= Tony Hollins =

American singer-songwriter (1909–1957)

Tony Hollins (June 25, 1909 - January 1957) was an American blues singer, guitarist and songwriter.

==Biography==
Hollins is thought to have been born in Oktibbeha County, Mississippi, and was raised at Lucky's Plantation. In the 1920s, he dated John Lee Hooker's sister Alice. On visits, he impressed Hooker with his skill on the guitar, helped teach him to play, and gave Hooker his first guitar. For the rest of his life, Hooker regarded Hollins as a formative influence on his style of playing and his career as a musician. Among the songs that Hollins reputedly taught Hooker were versions of "Crawlin' King Snake" and "Catfish Blues".

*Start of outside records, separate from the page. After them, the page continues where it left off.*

(* Every induced subcomplex of a unimodular simplicial complex is unimodular.
   Context: A simplicial complex on a finite ground set $V$ is a family of subsets of $V$ closed under subsets; facets are inclusion-maximal faces. For $W\subseteq V$ the induced subcomplex is $\{F\in\mathcal{C}:F\subseteq W\}$ on ground set $W$. $\mathcal{A}_{\mathcal{C}}$ is the $0/1$ matrix with columns indexed by $\mathbf{i}\in\{1,2\}^V$ and rows indexed by pairs $(F,\mathbf{e})$, $F$ a facet, $\mathbf{e}\in\{1,2\}^F$; entry $1$ iff $\mathbf{e}=\mathbf{i}|_F$. An integer matrix is unimodular if every circuit (nonzero integer kernel vector with coprime entries and inclusion-minimal support) has entries in $\{0,\pm1\}$; $\mathcal{C}$ is unimodular if $\mathcal{A}_{\mathcal{C}}$ is. *)

theory Defs
  imports Main "HOL-Library.FuncSet"
begin

definition kernel_vec :: "'r set \<Rightarrow> 'c set \<Rightarrow> ('r \<Rightarrow> 'c \<Rightarrow> int) \<Rightarrow> ('c \<Rightarrow> int) \<Rightarrow> bool" where
  "kernel_vec R C A u \<longleftrightarrow> (\<forall>j. j \<notin> C \<longrightarrow> u j = 0) \<and> (\<forall>r\<in>R. (\<Sum>j\<in>C. A r j * u j) = 0)"

definition supp_vec :: "'c set \<Rightarrow> ('c \<Rightarrow> int) \<Rightarrow> 'c set" where
  "supp_vec C u = {j\<in>C. u j \<noteq> 0}"

definition circuit :: "'r set \<Rightarrow> 'c set \<Rightarrow> ('r \<Rightarrow> 'c \<Rightarrow> int) \<Rightarrow> ('c \<Rightarrow> int) \<Rightarrow> bool" where
  "circuit R C A u \<longleftrightarrow>
     kernel_vec R C A u \<and> supp_vec C u \<noteq> {} \<and> Gcd (u ` C) = 1 \<and>
     (\<forall>w. kernel_vec R C A w \<and> supp_vec C w \<noteq> {} \<and> supp_vec C w \<subseteq> supp_vec C u
          \<longrightarrow> supp_vec C w = supp_vec C u)"

definition unimodular_mat :: "'r set \<Rightarrow> 'c set \<Rightarrow> ('r \<Rightarrow> 'c \<Rightarrow> int) \<Rightarrow> bool" where
  "unimodular_mat R C A \<longleftrightarrow> (\<forall>u. circuit R C A u \<longrightarrow> (\<forall>j\<in>C. u j \<in> {-1, 0, 1}))"

definition simplicial_complex :: "'a set \<Rightarrow> 'a set set \<Rightarrow> bool" where
  "simplicial_complex V K \<longleftrightarrow> finite V \<and> K \<subseteq> Pow V \<and> (\<forall>F\<in>K. \<forall>G. G \<subseteq> F \<longrightarrow> G \<in> K)"

definition facets :: "'a set set \<Rightarrow> 'a set set" where
  "facets K = {F\<in>K. \<forall>G\<in>K. F \<subseteq> G \<longrightarrow> G = F}"

definition induced_subcomplex :: "'a set set \<Rightarrow> 'a set \<Rightarrow> 'a set set" where
  "induced_subcomplex K W = {F\<in>K. F \<subseteq> W}"

definition cols_A :: "'a set \<Rightarrow> ('a \<Rightarrow> nat) set" where
  "cols_A V = PiE V (\<lambda>_. {1, 2})"

definition rows_A :: "'a set set \<Rightarrow> ('a set \<times> ('a \<Rightarrow> nat)) set" where
  "rows_A K = (SIGMA F:facets K. PiE F (\<lambda>_. {1, 2}))"

definition entry_A :: "'a set \<times> ('a \<Rightarrow> nat) \<Rightarrow> ('a \<Rightarrow> nat) \<Rightarrow> int" where
  "entry_A r i = (if snd r = restrict i (fst r) then 1 else 0)"

definition unimodular_complex :: "'a set \<Rightarrow> 'a set set \<Rightarrow> bool" where
  "unimodular_complex V K \<longleftrightarrow> unimodular_mat (rows_A K) (cols_A V) entry_A"

end

theory Submission
  imports Defs
begin

text \<open>Pad every column \<open>i \<in> {1,2}\<^sup>W\<close> by the value 1 on \<open>V - W\<close>. This
injective column map identifies the kernel of the matrix of \<open>K|W\<close> with the kernel
vectors of the matrix of \<open>K\<close> supported on padded columns. Indeed, a vector is in
the kernel iff its marginals on all faces (not only facets) vanish, because a face
marginal is a sum of marginals of any facet containing it; and the \<open>G\<close>-marginal of
a padded vector is the \<open>(G \<inter> W)\<close>-marginal of the original vector, or zero. An
injective column map identifying kernels carries circuits to circuits, so every
circuit of the smaller matrix has entries in \<open>{0, \<plusminus>1}\<close>.\<close>

definition push_vec :: "('c \<Rightarrow> 'd) \<Rightarrow> 'c set \<Rightarrow> ('c \<Rightarrow> int) \<Rightarrow> 'd \<Rightarrow> int" where
  "push_vec \<phi> C u i = (if i \<in> \<phi> ` C then u (inv_into C \<phi> i) else 0)"

lemma push_vec_image:
  assumes "inj_on \<phi> C" "j \<in> C"
  shows "push_vec \<phi> C u (\<phi> j) = u j"
  using assms by (simp add: push_vec_def)

lemma supp_vec_push_vec:
  assumes "inj_on \<phi> C" "\<phi> ` C \<subseteq> C'"
  shows "supp_vec C' (push_vec \<phi> C u) = \<phi> ` supp_vec C u"
  using assms by (auto simp: supp_vec_def push_vec_def inj_on_eq_iff)

lemma sum_push_vec:
  assumes "inj_on \<phi> C" "finite S"
  shows "sum (push_vec \<phi> C u) S = sum u {j\<in>C. \<phi> j \<in> S}"
proof -
  have "sum (push_vec \<phi> C u) S = sum (push_vec \<phi> C u) (\<phi> ` {j\<in>C. \<phi> j \<in> S})"
    using assms(2) by (intro sum.mono_neutral_right) (auto simp: push_vec_def)
  also have "\<dots> = sum u {j\<in>C. \<phi> j \<in> S}"
    using assms(1) by (subst sum.reindex) (auto intro: inj_on_subset simp: push_vec_image)
  finally show ?thesis .
qed

lemma push_vec_pullback:
  assumes "inj_on \<phi> C" "\<And>i. i \<notin> \<phi> ` C \<Longrightarrow> w i = 0"
  shows "push_vec \<phi> C (\<lambda>j. if j \<in> C then w (\<phi> j) else 0) = w"
  using assms by (auto simp: push_vec_def fun_eq_iff)

locale kernel_embedding =
  fixes R :: "'r set" and C :: "'c set" and A :: "'r \<Rightarrow> 'c \<Rightarrow> int"
    and R' :: "'s set" and C' :: "'d set" and A' :: "'s \<Rightarrow> 'd \<Rightarrow> int"
    and \<phi> :: "'c \<Rightarrow> 'd"
  assumes inj: "inj_on \<phi> C" and maps_to: "\<phi> ` C \<subseteq> C'"
    and kernel_vec_iff:
      "\<And>u. (\<And>j. j \<notin> C \<Longrightarrow> u j = 0) \<Longrightarrow>
        kernel_vec R C A u \<longleftrightarrow> kernel_vec R' C' A' (push_vec \<phi> C u)"
begin

lemma kernel_vec_pullback:
  assumes "kernel_vec R' C' A' w'" "\<And>i. i \<notin> \<phi> ` C \<Longrightarrow> w' i = 0"
  obtains w where "kernel_vec R C A w" "push_vec \<phi> C w = w'"
proof
  let ?w = "\<lambda>j. if j \<in> C then w' (\<phi> j) else 0"
  show push_w: "push_vec \<phi> C ?w = w'"
    using push_vec_pullback[OF inj] assms(2) .
  have "kernel_vec R C A ?w \<longleftrightarrow> kernel_vec R' C' A' (push_vec \<phi> C ?w)"
    by (rule kernel_vec_iff) simp
  then show "kernel_vec R C A ?w"
    using assms(1) by (simp add: push_w)
qed

lemma circuit_push_vec:
  assumes u: "circuit R C A u"
  shows "circuit R' C' A' (push_vec \<phi> C u)"
proof -
  have ker: "kernel_vec R C A u" and ne: "supp_vec C u \<noteq> {}" and gcd: "Gcd (u ` C) = 1"
    and minimal: "\<And>w. kernel_vec R C A w \<Longrightarrow> supp_vec C w \<noteq> {} \<Longrightarrow>
      supp_vec C w \<subseteq> supp_vec C u \<Longrightarrow> supp_vec C w = supp_vec C u"
    using u unfolding circuit_def by auto
  have "kernel_vec R C A u \<longleftrightarrow> kernel_vec R' C' A' (push_vec \<phi> C u)"
    by (rule kernel_vec_iff) (use ker in \<open>auto simp: kernel_vec_def\<close>)
  then have ker': "kernel_vec R' C' A' (push_vec \<phi> C u)"
    using ker by blast
  have supp: "supp_vec C' (push_vec \<phi> C u) = \<phi> ` supp_vec C u"
    using supp_vec_push_vec[OF inj maps_to] .
  have "u ` C \<subseteq> push_vec \<phi> C u ` C'"
    using maps_to push_vec_image[OF inj] by (metis image_eqI image_subset_iff)
  then have "Gcd (push_vec \<phi> C u ` C') dvd Gcd (u ` C)"
    by (intro Gcd_greatest Gcd_dvd) blast
  then have gcd': "Gcd (push_vec \<phi> C u ` C') = 1"
    using gcd by simp
  have minimal': "supp_vec C' w' = supp_vec C' (push_vec \<phi> C u)"
    if w': "kernel_vec R' C' A' w'" "supp_vec C' w' \<noteq> {}"
      "supp_vec C' w' \<subseteq> supp_vec C' (push_vec \<phi> C u)" for w'
  proof -
    have "w' i = 0" if "i \<notin> \<phi> ` C" for i
      using w' that supp unfolding kernel_vec_def supp_vec_def by blast
    then obtain w where w: "kernel_vec R C A w" and push_w: "push_vec \<phi> C w = w'"
      using kernel_vec_pullback w'(1) by blast
    have supp_w: "supp_vec C' w' = \<phi> ` supp_vec C w"
      using supp_vec_push_vec[OF inj maps_to, of w] by (simp add: push_w)
    have "supp_vec C w \<subseteq> supp_vec C u"
    proof
      fix j assume j: "j \<in> supp_vec C w"
      then have "\<phi> j \<in> \<phi> ` supp_vec C u"
        using w'(3) unfolding supp supp_w by blast
      moreover have "j \<in> C" "supp_vec C u \<subseteq> C"
        using j unfolding supp_vec_def by auto
      ultimately show "j \<in> supp_vec C u"
        using inj_on_image_mem_iff[OF inj] by blast
    qed
    then have "supp_vec C w = supp_vec C u"
      using minimal w w'(2) supp_w by blast
    then show ?thesis
      using supp supp_w by simp
  qed
  show ?thesis
    unfolding circuit_def using ker' ne supp gcd' minimal' by blast
qed

lemma unimodular_mat_pullback:
  assumes "unimodular_mat R' C' A'"
  shows "unimodular_mat R C A"
  unfolding unimodular_mat_def
proof (intro allI impI ballI)
  fix u j assume "circuit R C A u" "j \<in> C"
  then show "u j \<in> {-1, 0, 1}"
    using assms circuit_push_vec maps_to push_vec_image[OF inj]
    unfolding unimodular_mat_def by (metis image_subset_iff)
qed

end

definition marginal :: "('a \<Rightarrow> 'b) set \<Rightarrow> (('a \<Rightarrow> 'b) \<Rightarrow> int) \<Rightarrow> 'a set \<Rightarrow> ('a \<Rightarrow> 'b) \<Rightarrow> int" where
  "marginal C u G e = sum u {i\<in>C. restrict i G = e}"

lemma marginal_eq_sum_finer:
  assumes "finite C" "G \<subseteq> F"
  shows "marginal C u G e =
    (\<Sum>y\<in>{y\<in>(\<lambda>i. restrict i F) ` C. restrict y G = e}. marginal C u F y)"
proof -
  have restrict_F_G: "restrict (restrict i F) G = restrict i G" for i :: "'a \<Rightarrow> 'b"
    using assms(2) by (simp add: Int_absorb1)
  let ?S = "{i\<in>C. restrict i G = e}"
  have "marginal C u G e = (\<Sum>y\<in>(\<lambda>i. restrict i F) ` ?S. sum u {i\<in>?S. restrict i F = y})"
    unfolding marginal_def using assms(1) by (intro sum.image_gen) auto
  also have "(\<lambda>i. restrict i F) ` ?S = {y\<in>(\<lambda>i. restrict i F) ` C. restrict y G = e}"
    using restrict_F_G by auto
  also have "(\<Sum>y\<in>\<dots>. sum u {i\<in>?S. restrict i F = y}) = (\<Sum>y\<in>\<dots>. marginal C u F y)"
  proof (intro sum.cong refl)
    fix y assume "y \<in> {y\<in>(\<lambda>i. restrict i F) ` C. restrict y G = e}"
    then have "{i\<in>?S. restrict i F = y} = {i\<in>C. restrict i F = y}"
      using restrict_F_G by (metis (mono_tags, lifting) mem_Collect_eq)
    then show "sum u {i\<in>?S. restrict i F = y} = marginal C u F y"
      unfolding marginal_def by simp
  qed
  finally show ?thesis .
qed
(* Let $T>0$, $C_1>0$, and let $H:(0,1)^n\times\mathbb S(n)\to\mathbb R^n$, $B:(0,1)^n\times\mathbb S(n)\to\mathbb S(n)$ be $C^1$ with $(B(\mu,p),p)\ge(H(\mu,p),\mu)-C_1$ and $H_i(\mu,p)\ge-C_1$ for all $(\mu,p)$ and $i$, and let $g:[0,1]^n\to\mathbb R^n$ satisfy $|g_i|\le C_1$ on $[0,1]^n$. Let $\epsilon>0$, $\mu\in\mathcal P_\epsilon(\mathbb G)$, $t\in[0,T)$, $\lambda\in[0,1]$. Then every classical solution $(\phi,\rho):[t,T]\to\mathbb R^n\times(0,1)^n$ of $$\dot\phi=H(\rho,\lambda\nabla_{\mathbb G}\phi)-\Delta_{\mathbb G}\phi,\quad \dot\rho=\nabla_{\mathbb G}\cdot B(\rho,\lambda\nabla_{\mathbb G}\phi)+\Delta_{\mathbb G}\rho\ \text{ on }(t,T),\quad \phi(T)=g(\rho(T)),\ \rho(t)=\mu,$$ satisfies $$\epsilon\,\Big\|\max_{1\le i\le n}|\lambda\phi_i|\Big\|_{L^\infty(t,T)}\le(5(T-t)+4)C_1.$$
   Context: $\mathbb G$ is a finite connected simple undirected graph on $\{1,\dots,n\}$ with symmetric edge weights $\omega_{ij}>0$ iff $(i,j)$ is an edge. $\mathbb S(n)$: skew-symmetric matrices with $(m,\tilde m)=\frac12\sum_{(i,j)\in\mathbb E}m^{ij}\tilde m^{ij}$; Euclidean inner product on $\mathbb R^n$. $(\nabla_{\mathbb G}u)^{ij}=\sqrt{\omega_{ij}}(u^i-u^j)$, $(\nabla_{\mathbb G}\cdot m)^i=\sum_{j\ne i}\sqrt{\omega_{ij}}m^{ji}$, $(\Delta_{\mathbb G}u)^i=\sum_j\omega_{ij}(u^j-u^i)$. $\mathcal P_\epsilon(\mathbb G)$: probability vectors with all entries $>\epsilon$. Classical solution: a $C^1$ pair satisfying the system pointwise. *)

theory Defs
  imports "HOL-Analysis.Analysis"
begin

text \<open>Vertices of the graph are the elements of a finite type 'n (so n = CARD('n)).
  Weights: w i j. Edges are the ordered pairs (i,j) with w i j > 0.\<close>

definition weighted_graph :: "('n::finite \<Rightarrow> 'n \<Rightarrow> real) \<Rightarrow> bool" where
  "weighted_graph w \<longleftrightarrow>
     (\<forall>i j. w i j = w j i) \<and> (\<forall>i j. w i j \<ge> 0) \<and> (\<forall>i. w i i = 0) \<and>
     (\<forall>i j. (i, j) \<in> {(a, b). w a b > 0}\<^sup>*)"
(* Let $\mathcal{X}$ be a measurable space, let $k:\mathcal{X}\times\mathcal{X}\to\mathbb{R}$ be a measurable reproducing kernel with $|k(x,y)|\le 1$ for all $x,y$, let $\{\mathbb{P}_\theta:\theta\in\Theta\}$ be a family of Borel probability measures on $\mathcal{X}$, and let $\mathbb{P}^*_0$ be a Borel probability measure on $\mathcal{X}$ such that $\inf_{\theta\in\Theta}\mathrm{MMD}(\mathbb{P}_\theta,\mathbb{P}^*_0)=C$ for some $C>0$. Fix $\alpha>0$, an integer $T\ge1$ and a Borel probability measure $\mathbb{F}$ on $\mathcal{X}$. For each $n$, let $x_1,\dots,x_n$ be i.i.d. with law $\mathbb{P}^*_0$ and let $\nu_n$ be the approximate posterior defined in the context. Then for any sequence of positive reals $M_n\to+\infty$, \[ \nu_n\Big(\mathbb{P}:\ \mathrm{MMD}(\mathbb{P}_{\theta^*(\mathbb{P})},\mathbb{P}^*_0)>C+\frac{M_n}{n^{1/2}}\Big)\longrightarrow 0\quad (n\to\infty), \] where the convergence is in $L^1$, i.e. the expectation of the left-hand side with respect to $x_{1:n}\overset{\text{iid}}{\sim}\mathbb{P}^*_0$ tends to $0$.
   Context: For a Borel probability measure $\mathbb{P}$ on $\mathcal{X}$, $\mu_{\mathbb{P}}=\int k(x,\cdot)\,\mathbb{P}(dx)$ in the RKHS $\mathcal{H}_k$ of $k$, and $\mathrm{MMD}(\mathbb{P},\mathbb{Q})=\|\mu_{\mathbb{P}}-\mu_{\mathbb{Q}}\|_{\mathcal{H}_k}$. $\theta^*(\mathbb{P})$ denotes a minimiser in $\arg\inf_{\theta\in\Theta}\mathrm{MMD}^2(\mathbb{P},\mathbb{P}_\theta)$ (assumed to exist and chosen measurably). Given data $x_{1:n}$, $\nu_n$ is the law of the random measure $\mathbb{P}=\sum_{i=1}^n w_i\delta_{x_i}+\sum_{k=1}^T\tilde w_k\delta_{\tilde x_k}$ with $\tilde x_{1:T}$ i.i.d. $\mathbb{F}$, independent of $(w_1,\dots,w_n,\tilde w_1,\dots,\tilde w_T)\sim\mathrm{Dirichlet}(1,\dots,1,\tfrac{\alpha}{T},\dots,\tfrac{\alpha}{T})$ ($n$ ones, $T$ copies of $\alpha/T$). Note that $\nu_n$ depends on the random data, so the left-hand side is a random variable. *)

theory Defs
  imports "HOL-Probability.Probability"
begin

definition reproducing_kernel :: "'a measure \<Rightarrow> ('a \<Rightarrow> 'a \<Rightarrow> real) \<Rightarrow> bool" where
  "reproducing_kernel X k \<longleftrightarrow>
     (\<forall>x\<in>space X. \<forall>y\<in>space X. k x y = k y x) \<and>
     (\<forall>(m::nat) (xs::nat \<Rightarrow> 'a) (c::nat \<Rightarrow> real). (\<forall>i<m. xs i \<in> space X) \<longrightarrow>
        0 \<le> (\<Sum>i<m. \<Sum>j<m. c i * c j * k (xs i) (xs j)))"

(* <mu_P, mu_Q>_{H_k} = \<integral>\<integral> k(x,y) dQ(y) dP(x) *)
definition kernel_inner :: "('a \<Rightarrow> 'a \<Rightarrow> real) \<Rightarrow> 'a measure \<Rightarrow> 'a measure \<Rightarrow> real" where
  "kernel_inner k P Q = (\<integral>x. (\<integral>y. k x y \<partial>Q) \<partial>P)"

(* MMD^2(P,Q) = || mu_P - mu_Q ||^2_{H_k}, expanded by the reproducing property *)
definition MMD2 :: "('a \<Rightarrow> 'a \<Rightarrow> real) \<Rightarrow> 'a measure \<Rightarrow> 'a measure \<Rightarrow> real" where
  "MMD2 k P Q = kernel_inner k P P - 2 * kernel_inner k P Q + kernel_inner k Q Q"

definition MMD :: "('a \<Rightarrow> 'a \<Rightarrow> real) \<Rightarrow> 'a measure \<Rightarrow> 'a measure \<Rightarrow> real" where
  "MMD k P Q = sqrt (MMD2 k P Q)"

definition gamma_density :: "real \<Rightarrow> real \<Rightarrow> ennreal" where
  "gamma_density a x = (if 0 < x then ennreal (x powr (a - 1) * exp (- x) / Gamma a) else 0)"

definition dirichlet :: "nat \<Rightarrow> (nat \<Rightarrow> real) \<Rightarrow> (nat \<Rightarrow> real) measure" where
  "dirichlet m a =
     distr (PiM {..<m} (\<lambda>i. density lborel (gamma_density (a i))))
           (PiM {..<m} (\<lambda>_. borel))
           (\<lambda>g. \<lambda>i\<in>{..<m}. g i / (\<Sum>j<m. g j))"

definition post_weights_param :: "nat \<Rightarrow> nat \<Rightarrow> real \<Rightarrow> nat \<Rightarrow> real" where
  "post_weights_param n T \<alpha> i = (if i < n then 1 else \<alpha> / real T)"

definition random_measure :: "'a measure \<Rightarrow> nat \<Rightarrow> nat \<Rightarrow> (nat \<Rightarrow> 'a) \<Rightarrow> (nat \<Rightarrow> real) \<times> (nat \<Rightarrow> 'a) \<Rightarrow> 'a measure" where
  "random_measure X n T x wxt =
     measure_of (space X) (sets X)
       (\<lambda>A. (\<Sum>i<n. ennreal (fst wxt i) * indicator A (x i))
          + (\<Sum>k<T. ennreal (fst wxt (n + k)) * indicator A (snd wxt k)))"

definition approx_posterior :: "'a measure \<Rightarrow> 'a measure \<Rightarrow> real \<Rightarrow> nat \<Rightarrow> nat \<Rightarrow> (nat \<Rightarrow> 'a) \<Rightarrow> 'a measure measure" where
  "approx_posterior X F \<alpha> T n x =
     distr (dirichlet (n + T) (post_weights_param n T \<alpha>) \<Otimes>\<^sub>M PiM {..<T} (\<lambda>_. F))
           (subprob_algebra X) (random_measure X n T x)"
(* Let $q$ be a prime power, $b,k,t$ positive integers with $b\le k$, $a\in\mathbb{F}_q$ nonzero, and $\boldsymbol{x}_i=(a^i0^{k-i})\in\mathbb{F}_q^k$ (the first $i$ coordinates equal to $a$, the rest $0$) for $i\in\{0,1,\ldots,k-b+1\}$. Then \[ r_b^{wt_b}(k,t)\ge N_b\big(\boldsymbol{B}^{(1)}_{wt_b}(t,\boldsymbol{x}_0,\ldots,\boldsymbol{x}_{k-b+1})\big), \] where this $(k-b+2)\times(k-b+2)$ matrix (rows/columns indexed by $0,\ldots,k-b+1$) has entries $0$ for $i=j$ and $[2t-2b+3-|i-j|]^+$ for $i\ne j$.
   Context: For $\boldsymbol{z}=(z_0,\ldots,z_{n-1}),\boldsymbol{w}\in\mathbb{F}_q^n$, $d_b(\boldsymbol{z},\boldsymbol{w})$ is the number of $i\in\{0,\ldots,n-1\}$ with $(z_i,\ldots,z_{i+b-1})\ne(w_i,\ldots,w_{i+b-1})$ (indices mod $n$), and $wt_b(\boldsymbol{x})=d_b(\boldsymbol{x},\boldsymbol{0})$ is the $b$-symbol weight function on $\mathbb{F}_q^k$. $[x]^+=\max\{x,0\}$. A systematic encoding $\mathrm{Enc}(\boldsymbol{x})=(\boldsymbol{x},p(\boldsymbol{x}))\in\mathbb{F}_q^{k+r}$ is a function-correcting $b$-symbol code for $f$ if $d_b(\mathrm{Enc}(\boldsymbol{x}_1),\mathrm{Enc}(\boldsymbol{x}_2))\ge 2t+1$ whenever $f(\boldsymbol{x}_1)\ne f(\boldsymbol{x}_2)$; $r_b^f(k,t)$ is the smallest $r$ for which one exists. For an $M\times M$ nonnegative integer matrix $\boldsymbol{B}$, $N_b(\boldsymbol{B})$ is the smallest $r$ such that there exist $\boldsymbol{p}_1,\ldots,\boldsymbol{p}_M\in\mathbb{F}_q^r$ (in some ordering) with $d_b(\boldsymbol{p}_i,\boldsymbol{p}_j)\ge[\boldsymbol{B}]_{ij}$ for all $i,j$. *)

theory Defs
  imports Main
begin
(* If $\vec t\succ\vec t'_1$ and $\vec t\succ\vec t'_2$, then one of the following holds: $\vec t'_1=\vec t'_2$; or $\vec t'_1\succ\vec t'_2$; or $\vec t'_2\succ\vec t'_1$; or there is $\vec t''$ with $\vec t'_1\succ\vec t''$ and $\vec t'_2\succ\vec t''$.
   Context: Calculus. Pure values: $v,w::=x\mid\lambda x.\vec{s}\mid *\mid (v_1,v_2)\mid \mathtt{inl}(v)\mid\mathtt{inr}(v)$. Pure terms: $s,t::=v\mid s\,t\mid t;\vec{s}\mid \mathtt{let}\,(x_1,x_2)=t\,\mathtt{in}\,\vec{s}\mid \mathtt{match}\,t\,\{\mathtt{inl}\,x_1\mapsto\vec{s}_1\mid\mathtt{inr}\,x_2\mapsto\vec{s}_2\}$. Term distributions $\vec{t}::=\vec{0}\mid t\mid \vec{s}+\vec{t}\mid\alpha\cdot\vec{t}$ ($\alpha\in\mathbb{C}$), with equality $=$ at top level meaning the congruence generated by the weak vector space laws ($+$ commutative, associative with unit $\vec0$; $1\cdot\vec t=\vec t$; $\alpha\cdot(\beta\cdot\vec t)=\alpha\beta\cdot\vec t$; $(\alpha+\beta)\cdot\vec t=\alpha\cdot\vec t+\beta\cdot\vec t$; $\alpha\cdot(\vec t_1+\vec t_2)=\alpha\cdot\vec t_1+\alpha\cdot\vec t_2$), not acting inside pure terms and not identifying $0\cdot t$ with $\vec0$. Constructs are extended by linearity (application bilinear, pairs bilinear, $\mathtt{inl},\mathtt{inr}$ linear, $;$, let, match linear in the first argument). Atomic evaluation $t\triangleright\vec t'$: $(\lambda x.\vec t)\,v\triangleright\vec t[x:=v]$; $*;\vec s\triangleright\vec s$; $\mathtt{let}\,(x,y)=(v,w)\,\mathtt{in}\,\vec s\triangleright\vec s[x:=v,y:=w]$; $\mathtt{match}\,\mathtt{inl}(v)\{\ldots\}\triangleright\vec s_1[x_1:=v]$; $\mathtt{match}\,\mathtt{inr}(v)\{\ldots\}\triangleright\vec s_2[x_2:=v]$; if $t\triangleright\vec t'$ then $s\,t\triangleright s\,\vec t'$, $t\,v\triangleright\vec t'\,v$, $t;\vec s\triangleright\vec t';\vec s$, and likewise in the scrutinee of let and match ($v,w$ pure values). One-step evaluation: $\vec t\succ\vec t'$ iff $\vec t=\alpha\cdot s+\vec r$ and $\vec t'=\alpha\cdot\vec s'+\vec r$ for some $\alpha\in\mathbb C$, pure term $s$, distributions $\vec s',\vec r$ with $s\triangleright\vec s'$. *)

theory Defs
  imports Complex_Main
begin

text \<open>Syntax of the calculus, with variables as de Bruijn indices (terms are
identified up to alpha-equivalence).  In \<open>\<lambda>x. s\<close> and in a match branch the
bound variable is index 0; in \<open>let (x1,x2) = t in s\<close> the variable x2 is
index 0 and x1 is index 1.  Pure values, pure terms and (syntactic) term
distributions are mutually defined.\<close>

datatype val =
    Var nat
  | Lam dist
  | Unit
  | PairV val val
  | InlV val
  | InrV val
and trm =
    V val
  | App trm trm
  | Seq trm dist
  | LetP trm dist
  | Match trm dist dist
and dist =
    DZero
  | Pure trm
  | DPlus dist dist
  | DScal complex dist

fun liftv :: "nat \<Rightarrow> val \<Rightarrow> val"
and liftt :: "nat \<Rightarrow> trm \<Rightarrow> trm"
and liftd :: "nat \<Rightarrow> dist \<Rightarrow> dist" where
  "liftv k (Var n) = (if n < k then Var n else Var (Suc n))"
| "liftv k (Lam d) = Lam (liftd (Suc k) d)"
| "liftv k Unit = Unit"
| "liftv k (PairV v w) = PairV (liftv k v) (liftv k w)"
| "liftv k (InlV v) = InlV (liftv k v)"
| "liftv k (InrV v) = InrV (liftv k v)"
| "liftt k (V v) = V (liftv k v)"
| "liftt k (App s t) = App (liftt k s) (liftt k t)"
| "liftt k (Seq t d) = Seq (liftt k t) (liftd k d)"
| "liftt k (LetP t d) = LetP (liftt k t) (liftd (Suc (Suc k)) d)"
| "liftt k (Match t d1 d2) = Match (liftt k t) (liftd (Suc k) d1) (liftd (Suc k) d2)"
| "liftd k DZero = DZero"
| "liftd k (Pure t) = Pure (liftt k t)"
| "liftd k (DPlus d e) = DPlus (liftd k d) (liftd k e)"
| "liftd k (DScal a d) = DScal a (liftd k d)"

Hollins primarily worked as a barber in Clarksdale, Mississippi. He made his first recordings for OKeh Records in Chicago in 1941, including "Crosscut Saw Blues", "Crawlin' King Snake" and "Traveling Man Blues", both songs later performed by Hooker, in the latter case renamed as "When My Wife Quit Me". Hollins failed to maintain a career as a musician and returned to Clarksdale. However, he went back to Chicago in the late 1940s, and recorded for Decca with Sunnyland Slim in 1951.

He is believed to have died in Clarksdale early in 1957, although one source places his death in Chicago in 1959.